For region of interest say, 57,000,000-57,500,000
In IGV I can see 19 reads are aligned. However, when I try to extract those reads using
samtools view -h -q 10 out.bam "chrX:57,000,000-57,500,00" > gene.bam
I get only 10 reads.
I am little confused over the question but would like to help in someway.
You need to specify if the reads that were aligned were single end vs. paired end and the size.
If you are using illumina paired ends (which are the longest possible in illumina) how come even a paired end read cover 200,000 bp - you mentioned earlier comment tath exons are 200,000 BP. It is possible for paired end reads (max of 300 bp for 2 paired end x 150 bp read) to cover two distant exons but not all the part of exons. In you case its like 6 exons. How is it possible for one read pair to cover such a large number of exons?
You should have understood one thing when you pulled only 10 reads overlapping in
chrX:57,000,000-57,500,00
; that means the alignment in this region in very sparse.If you are using nanopore or pacbio reads than it is a different story.
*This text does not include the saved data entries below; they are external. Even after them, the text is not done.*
(* Let $G$ be a bipartite distance-regular graph of diameter $d$ which is an antipodal double cover, and let $B$ be its tridiagonal intersection matrix. If $\ker B\neq 0$, then $d$ is even. Moreover, in this case $\ker B$ has a basis consisting of a single vector $\boldsymbol{u}=(u_0,u_1,\dots,u_d)^T$ with $u_0=1$, $u_1=0$ and $u_d=(-1)^{d/2}$.
   Context: A connected graph $G$ of diameter $d$ is distance-regular if there are non-negative integers $b_i,c_i$ ($0\le i\le d$) such that for any two vertices $x,y$ at distance $i$, $y$ has exactly $c_i$ neighbours at distance $i-1$ from $x$ and exactly $b_i$ neighbours at distance $i+1$ from $x$. $G$ is $r$-regular with $r=b_0$, $c_0=b_d=0$, $c_1=1$, and $a_i=r-b_i-c_i$. $B$ is the $(d+1)\times(d+1)$ tridiagonal matrix indexed by $0,\dots,d$ with $B_{i,i}=a_i$, $B_{i,i+1}=c_{i+1}$, $B_{i+1,i}=b_i$, all other entries $0$. $G$ is an antipodal double cover if for every vertex $x$ there is exactly one vertex at distance $d$ from $x$. *)

theory Defs
  imports Main "Jordan_Normal_Form.Matrix_Kernel"
begin

definition simple_graph :: "'a set \<Rightarrow> ('a \<Rightarrow> 'a \<Rightarrow> bool) \<Rightarrow> bool" where
  "simple_graph V E \<longleftrightarrow> finite V \<and> V \<noteq> {} \<and>
     (\<forall>x\<in>V. \<forall>y\<in>V. E x y \<longrightarrow> E y x) \<and> (\<forall>x\<in>V. \<not> E x x)"

definition adj_rel :: "'a set \<Rightarrow> ('a \<Rightarrow> 'a \<Rightarrow> bool) \<Rightarrow> ('a \<times> 'a) set" where
  "adj_rel V E = {(x, y). x \<in> V \<and> y \<in> V \<and> E x y}"

definition graph_connected :: "'a set \<Rightarrow> ('a \<Rightarrow> 'a \<Rightarrow> bool) \<Rightarrow> bool" where
  "graph_connected V E \<longleftrightarrow> (\<forall>x\<in>V. \<forall>y\<in>V. (x, y) \<in> (adj_rel V E)\<^sup>*)"

definition gdist :: "'a set \<Rightarrow> ('a \<Rightarrow> 'a \<Rightarrow> bool) \<Rightarrow> 'a \<Rightarrow> 'a \<Rightarrow> nat" where
  "gdist V E x y = (LEAST n. (x, y) \<in> (adj_rel V E) ^^ n)"

definition diameter :: "'a set \<Rightarrow> ('a \<Rightarrow> 'a \<Rightarrow> bool) \<Rightarrow> nat" where
  "diameter V E = Max {gdist V E x y | x y. x \<in> V \<and> y \<in> V}"

definition distance_regular ::
  "'a set \<Rightarrow> ('a \<Rightarrow> 'a \<Rightarrow> bool) \<Rightarrow> nat \<Rightarrow> (nat \<Rightarrow> nat) \<Rightarrow> (nat \<Rightarrow> nat) \<Rightarrow> bool" where
  "distance_regular V E d b c \<longleftrightarrow>
     simple_graph V E \<and> graph_connected V E \<and> diameter V E = d \<and>
     c 0 = 0 \<and> b d = 0 \<and>
     (\<forall>i\<le>d. \<forall>x\<in>V. \<forall>y\<in>V. gdist V E x y = i \<longrightarrow>
        card {z \<in> V. E y z \<and> gdist V E x z + 1 = i} = c i \<and>
        card {z \<in> V. E y z \<and> gdist V E x z = i + 1} = b i)"

definition bipartite :: "'a set \<Rightarrow> ('a \<Rightarrow> 'a \<Rightarrow> bool) \<Rightarrow> bool" where
  "bipartite V E \<longleftrightarrow> (\<exists>f :: 'a \<Rightarrow> bool. \<forall>x\<in>V. \<forall>y\<in>V. E x y \<longrightarrow> f x \<noteq> f y)"

definition antipodal_double_cover :: "'a set \<Rightarrow> ('a \<Rightarrow> 'a \<Rightarrow> bool) \<Rightarrow> nat \<Rightarrow> bool" where
  "antipodal_double_cover V E d \<longleftrightarrow> (\<forall>x\<in>V. \<exists>!y. y \<in> V \<and> gdist V E x y = d)"

text \<open>Tridiagonal intersection matrix B, indexed 0..d, with a_i = r - b_i - c_i, r = b_0.\<close>
definition intersection_matrix :: "nat \<Rightarrow> (nat \<Rightarrow> nat) \<Rightarrow> (nat \<Rightarrow> nat) \<Rightarrow> real mat" where
  "intersection_matrix d b c = mat (d + 1) (d + 1) (\<lambda>(i, j).
     if i = j then real (b 0) - real (b i) - real (c i)
     else if j = i + 1 then real (c (i + 1))
     else if i = j + 1 then real (b j)
     else 0)"

end

theory Submission
  imports Defs
begin

(* Bipartiteness forces a_i = 0, so B u = 0 reads c_(k+1) u_(k+1) + b_(k-1) u_(k-1) = 0 for
   k = 0..d.  As c_i > 0 (i >= 1) and b_i > 0 (i < d), a kernel vector is determined by u_0
   and vanishes at odd indices but at no even one; the last row b_(d-1) u_(d-1) = 0 therefore
   rules out odd d unless the kernel is trivial.  In an antipodal double cover the distances
   from any vertex to x and to its antipode sum to d, whence b_i = c_(d-i), and the product
   formula for u_d collapses to (-1)^(d/2). *)

lemma adj_rel_sym:
  assumes "simple_graph V E" "(x, y) \<in> adj_rel V E"
  shows "(y, x) \<in> adj_rel V E"
  using assms by (auto simp: simple_graph_def adj_rel_def)

lemma relpow_adj_rel_sym:
  assumes "simple_graph V E" "(x, y) \<in> adj_rel V E ^^ n"
  shows "(y, x) \<in> adj_rel V E ^^ n"
  using assms(2)
proof (induction n arbitrary: y)
  case (Suc n)
  then obtain z where "(x, z) \<in> adj_rel V E ^^ n" "(z, y) \<in> adj_rel V E"
    by auto
  then show ?case
    using Suc.IH adj_rel_sym[OF assms(1)] by (meson relpow_Suc_I2)
qed simp

lemma gdist_relpow:
  assumes "graph_connected V E" "x \<in> V" "y \<in> V"
  shows "(x, y) \<in> adj_rel V E ^^ gdist V E x y"
proof -
  obtain n where "(x, y) \<in> adj_rel V E ^^ n"
    using assms unfolding graph_connected_def rtrancl_power by blast
  then show ?thesis unfolding gdist_def by (rule LeastI)
qed

lemma gdist_le_relpow:
  assumes "(x, y) \<in> adj_rel V E ^^ n"
  shows "gdist V E x y \<le> n"
  unfolding gdist_def using assms by (rule Least_le)

lemma gdist_sym:
  assumes "simple_graph V E" "graph_connected V E" "x \<in> V" "y \<in> V"
  shows "gdist V E x y = gdist V E y x"
  using gdist_le_relpow[OF relpow_adj_rel_sym[OF assms(1) gdist_relpow[OF assms(2,3,4)]]]
    gdist_le_relpow[OF relpow_adj_rel_sym[OF assms(1) gdist_relpow[OF assms(2,4,3)]]]
  by simp

lemma gdist_eq_0_iff:
  assumes "graph_connected V E" "x \<in> V" "y \<in> V"
  shows "gdist V E x y = 0 \<longleftrightarrow> x = y"
  using gdist_relpow[OF assms] gdist_le_relpow[where x = x and y = x and n = 0] by auto

lemma gdist_triangle:
  assumes "graph_connected V E" "x \<in> V" "y \<in> V" "z \<in> V"
  shows "gdist V E x z \<le> gdist V E x y + gdist V E y z"
  using gdist_le_relpow[OF relpow_trans[OF gdist_relpow[OF assms(1,2,3)] gdist_relpow[OF assms(1,3,4)]]] .

lemma gdist_adj_le:
  assumes "graph_connected V E" "x \<in> V" "y \<in> V" "z \<in> V" "E y z"
  shows "gdist V E x z \<le> gdist V E x y + 1"
proof -
  have "gdist V E y z \<le> 1"
    using assms by (intro gdist_le_relpow) (auto simp: adj_rel_def)
  then show ?thesis using gdist_triangle[OF assms(1-4)] by simp
qed

lemma gdist_adj_eq_1:
  assumes "simple_graph V E" "graph_connected V E" "y \<in> V" "z \<in> V" "E y z"
  shows "gdist V E y z = 1"
proof -
  have "gdist V E y z \<le> 1"
    using gdist_adj_le[OF assms(2,3,3,4,5)] gdist_eq_0_iff[OF assms(2,3,3)] by simp
  moreover have "y \<noteq> z" using assms(1,3,5) by (auto simp: simple_graph_def)
  ultimately show ?thesis using gdist_eq_0_iff[OF assms(2,3,4)] by simp
qed

lemma gdist_SucE:
  assumes "simple_graph V E" "graph_connected V E" "x \<in> V" "y \<in> V"
    and "gdist V E x y = Suc j"
  obtains z where "z \<in> V" "E y z" "gdist V E x z = j"
proof -
  obtain z where walk: "(x, z) \<in> adj_rel V E ^^ j" and edge: "(z, y) \<in> adj_rel V E"
    using gdist_relpow[OF assms(2-4)] assms(5) by auto
  have z: "z \<in> V" "E z y" "E y z"
    using edge adj_rel_sym[OF assms(1) edge] by (auto simp: adj_rel_def)
  have "gdist V E x z \<le> j" using walk by (rule gdist_le_relpow)
  moreover have "gdist V E x y \<le> gdist V E x z + 1"
    using gdist_adj_le[OF assms(2,3) z(1) assms(4) z(2)] .
  ultimately show ?thesis using that z assms(5) by simp
qed

lemma gdist_intermediate:
  assumes "simple_graph V E" "graph_connected V E" "x \<in> V" "y \<in> V"
    and "i \<le> gdist V E x y"
  shows "\<exists>z\<in>V. gdist V E x z = i"
  using assms(4,5)
proof (induction "gdist V E x y" arbitrary: y)
  case (Suc j)
  obtain z where "z \<in> V" "gdist V E x z = j"
    using gdist_SucE[OF assms(1-3) Suc.prems(1) Suc.hyps(2)[symmetric]] .
  then show ?case
    using Suc.hyps(1)[of z] Suc.prems Suc.hyps(2) by (cases "i = Suc j") auto
qed auto

lemma bipartite_relpow_parity:
  fixes f :: "'a \<Rightarrow> bool"
  assumes "\<forall>x\<in>V. \<forall>y\<in>V. E x y \<longrightarrow> f x \<noteq> f y" "(x, y) \<in> adj_rel V E ^^ n"
  shows "f x = f y \<longleftrightarrow> even n"
  using assms(2)
proof (induction n arbitrary: y)
  case (Suc n)
  then obtain z where "(x, z) \<in> adj_rel V E ^^ n" "(z, y) \<in> adj_rel V E"
    by auto
  moreover from this(2) have "f y = (\<not> f z)"
    using assms(1) by (auto simp: adj_rel_def)
  ultimately show ?case using Suc.IH by (metis (full_types) even_Suc)
qed simp

lemma bipartite_gdist_adj_neq:
  assumes "bipartite V E" "graph_connected V E" "x \<in> V" "y \<in> V" "z \<in> V" "E y z"
  shows "gdist V E x y \<noteq> gdist V E x z"
proof
  obtain f :: "'a \<Rightarrow> bool" where f: "\<forall>x\<in>V. \<forall>y\<in>V. E x y \<longrightarrow> f x \<noteq> f y"
    using assms(1) unfolding bipartite_def by blast
  assume "gdist V E x y = gdist V E x z"
  then have "f y = f z"
    using bipartite_relpow_parity[OF f gdist_relpow[OF assms(2,3,4)]]
      bipartite_relpow_parity[OF f gdist_relpow[OF assms(2,3,5)]]
    by (cases "f x"; cases "f y"; cases "f z") auto
  then show False using f assms(4-6) by blast
qed

locale distance_regular_graph =
  fixes V :: "'a set" and E :: "'a \<Rightarrow> 'a \<Rightarrow> bool" and d :: nat and b c :: "nat \<Rightarrow> nat"
  assumes distance_regular: "distance_regular V E d b c"
begin

lemma simple: "simple_graph V E"
  and connected: "graph_connected V E"
  and diameter: "diameter V E = d"
  and intersection_numbers: "\<And>i x y. i \<le> d \<Longrightarrow> x \<in> V \<Longrightarrow> y \<in> V \<Longrightarrow> gdist V E x y = i \<Longrightarrow>
     card {z \<in> V. E y z \<and> gdist V E x z + 1 = i} = c i \<and>
     card {z \<in> V. E y z \<and> gdist V E x z = i + 1} = b i"
  using distance_regular unfolding distance_regular_def by blast+

lemma finite: "finite V"
  using simple by (simp add: simple_graph_def)

lemma card_closer:
  assumes "i \<le> d" "x \<in> V" "y \<in> V" "gdist V E x y = i"
  shows "card {z \<in> V. E y z \<and> gdist V E x z + 1 = i} = c i"
  using intersection_numbers[OF assms] by blast

lemma card_further:
  assumes "i \<le> d" "x \<in> V" "y \<in> V" "gdist V E x y = i"
  shows "card {z \<in> V. E y z \<and> gdist V E x z = i + 1} = b i"
  using intersection_numbers[OF assms] by blast

lemma finite_gdists: "finite {gdist V E x y | x y. x \<in> V \<and> y \<in> V}"
proof -
  have "{gdist V E x y | x y. x \<in> V \<and> y \<in> V} = (\<lambda>(x, y). gdist V E x y) ` (V \<times> V)"
    by auto
  then show ?thesis using finite by simp
qed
So, please add more detail to your question. Also add some plots from IGV to clarify the issue.
Reads are supposed to contain spliced segments. Exactly how, only @KNC_bioinfo knows, since we can't see the data.
I am sorry about that. I am using nanopore reads.
Important information. Should have been in the original post. What aligner did you use? Perhaps it does not use right tags for you to be able to pull out spliced reads.